▶ **MATERIAL SUPPLIED**

theorem lemma1:
  fixes l :: nat and lam mu :: "nat \<Rightarrow> real" and th T :: real
    and A :: "nat \<Rightarrow> nat" and i :: nat
  assumes "\<forall>k\<le>l. lam k > 0" and "\<forall>k\<le>l. mu k > 0" and "th > 0"
    and "T \<ge> 0" and "\<forall>k>l. A k = 0" and "i \<le> l"
  shows "1 + acr_EM l lam mu th T A \<ge> acr_EM l lam mu th T (add_unit A 0)
       \<and> acr_EM l lam mu th T (add_unit A 0) \<ge> acr_EM l lam mu th T (add_unit A i)"
proof -
  interpret acr_chain l lam mu th
    using assms(1-3) by unfold_locales auto
  have "flex_agent_bounds l (acr_EM l lam mu th T)"
    using assms(4) by (rule flex_agent_bounds_acr_EM)
  then show ?thesis
    using assms(6) by (simp add: flex_agent_bounds_def)
qed

end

▶ **REQUIRED ACTION**
Print exactly the lines that run from the line containing "then show ?thesis" to the end of the data, both ends included.

▶ **WRITTEN RESPONSE**
  then show ?thesis
    using assms(6) by (simp add: flex_agent_bounds_def)
qed

end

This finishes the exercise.